Infine, è importante e sempre necessario cogliere l’importanza del luogo e della liturgia che vi si
può svolgere. Non è possibile celebrare nell’identico
modo in presenza del corpo e in presenza dell’urna.
Ma non va dimenticato che al crematorio si prega
ancora davanti a un corpo. È allora possibile svolgere riti e utilizzare simboli cristiani, tranne il cero
pasquale ed evidentemente l’eucaristia, per i quali
la collocazione naturale resta il presbiterio delle nostre chiese.
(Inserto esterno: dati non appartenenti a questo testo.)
lemma tab_ins_sorted_rows:
  assumes "\<forall>r\<in>set T. sorted_wrt (<) r" "x \<notin> set (reading T)" "distinct (reading T)"
  shows "\<forall>r\<in>set (tab_ins x T). sorted_wrt (<) r"
  using assms
proof (induction T arbitrary: x)
  case (Cons r T)
  have r: "sorted_wrt (<) r" "x \<notin> set r" using Cons.prems by (auto simp: reading_def)
  obtain r' b where rb: "row_ins x r = (r', b)" by fastforce
  have "sorted_wrt (<) r'" using row_ins_sorted[OF r rb] .
  moreover have "\<forall>r\<in>set (tab_ins y T). sorted_wrt (<) r" if "b = Some y" for y
  proof -
    have "y \<in> set r" using row_ins_Some[OF _ r(2)] rb that by force
    then have "y \<notin> set (reading T)" using Cons.prems(3) by (auto simp: reading_def)
    then show ?thesis using Cons.IH Cons.prems by (simp add: reading_def)
  qed
  ultimately show ?case using rb Cons.prems(1) by (cases b) auto
qed simp

lemma rsk_P_snoc: "rsk_P (w @ [x]) = tab_ins x (rsk_P w)"
  by (simp add: rsk_P_def)

definition row_dominates :: "nat list \<Rightarrow> nat list \<Rightarrow> bool" where
  "row_dominates r s \<longleftrightarrow> length s \<le> length r \<and> (\<forall>c<length s. r!c < s!c)"

fun column_strict :: "nat list list \<Rightarrow> bool" where
  "column_strict [] = True"
| "column_strict [r] = True"
| "column_strict (r # s # T) \<longleftrightarrow> row_dominates r s \<and> column_strict (s # T)"

lemma row_ins_Some_nth:
  assumes "row_ins x r = (r', Some y)" "x \<notin> set r"
  shows "\<exists>j<length r. r!j = y \<and> r' = r[j := x] \<and> (\<forall>c<j. r!c < x) \<and> x < y"
proof -
  obtain a b where "r = a @ y # b" "r' = a @ x # b" "\<forall>e\<in>set a. e < x" "x < y"
    using row_ins_Some[OF assms] by blast
  then show ?thesis by (intro exI[of _ "length a"]) (auto simp: nth_append)
qed

lemma row_dominates_row_ins:
  assumes r: "row_ins x r = (r', Some y)" "sorted_wrt (<) r" "x \<notin> set r"
    and s: "y \<notin> set s" "row_dominates r s" "row_ins y s = (s', b)"
  shows "row_dominates r' s'"
proof -
  obtain j where j: "j < length r" "r!j = y" "r' = r[j := x]" "\<forall>c<j. r!c < x" "x < y"
    using row_ins_Some_nth[OF r(1,3)] by blast
  have dom: "length s \<le> length r" "\<And>c. c < length s \<Longrightarrow> r!c < s!c"
    using s(2) by (auto simp: row_dominates_def)
  \<comment> \<open>in both cases the new entry \<open>y\<close> of \<open>s'\<close> sits in a column \<open>c \<le> j\<close>, where \<open>r'!c \<le> x\<close>\<close>
  have below_y: "r'!c < y" if "c \<le> j" for c
  proof (cases "c = j")
    case False
    then have "r'!c = r!c" "r!c < x" using j that by auto
    then show ?thesis using j(5) by simp
  qed (use j in simp)
  show ?thesis
  proof (cases b)
    case None
    then have s': "s' = s @ [y]" "\<forall>e\<in>set s. e < y" using row_ins_None[OF _ s(1)] s(3) by auto
    have "length s \<le> j"
    proof (rule ccontr)
      assume "\<not> length s \<le> j"
      then have "r!j < s!j" "s!j < y" using dom s' by auto
      then show False using j by simp
    qed
    then show ?thesis
      using s' dom j below_y by (auto simp: row_dominates_def nth_append less_Suc_eq)
  next
    case (Some z)
    obtain j' where j': "j' < length s" "s' = s[j' := y]" "\<forall>c<j'. s!c < y"
      using row_ins_Some_nth[OF _ s(1)] s(3) Some by blast
    have "j' \<le> j"
    proof (rule ccontr)
      assume "\<not> j' \<le> j"
      then have "s!j < y" "r!j < s!j" using j' dom j(1) by auto
      then show False using j by simp
    qed
    moreover have "x < s!j" if "j < length s" using dom(2)[OF that] j by simp
    ultimately show ?thesis
      using j j' dom below_y by (auto simp: row_dominates_def nth_list_update)
  qed
qed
Tutti i riti che manifestano l’onore reso
al corpo si possono svolgere anche in un altro luogo. Le sole condizioni restano che l’officiante che vi
rappresenta la Chiesa sia da questa adeguatamente
riconosciuto; che vi si ascolti la parola di Dio; che
lo spazio della preghiera riveli, per gli oggetti o per
i segni compiuti, che siamo nel corso di una celebrazione cristiana; che gli stessi siano quelli che la
Chiesa ci dà tradizionalmente.
Se tutto ciò è osservato, la fede si può annunciare… anche in questo spazio! L’importante per la
Chiesa non è solamente celebrare secondo norme
corrette; è innanzitutto evangelizzare, annunciare il
Vangelo in ogni tempo e in ogni luogo.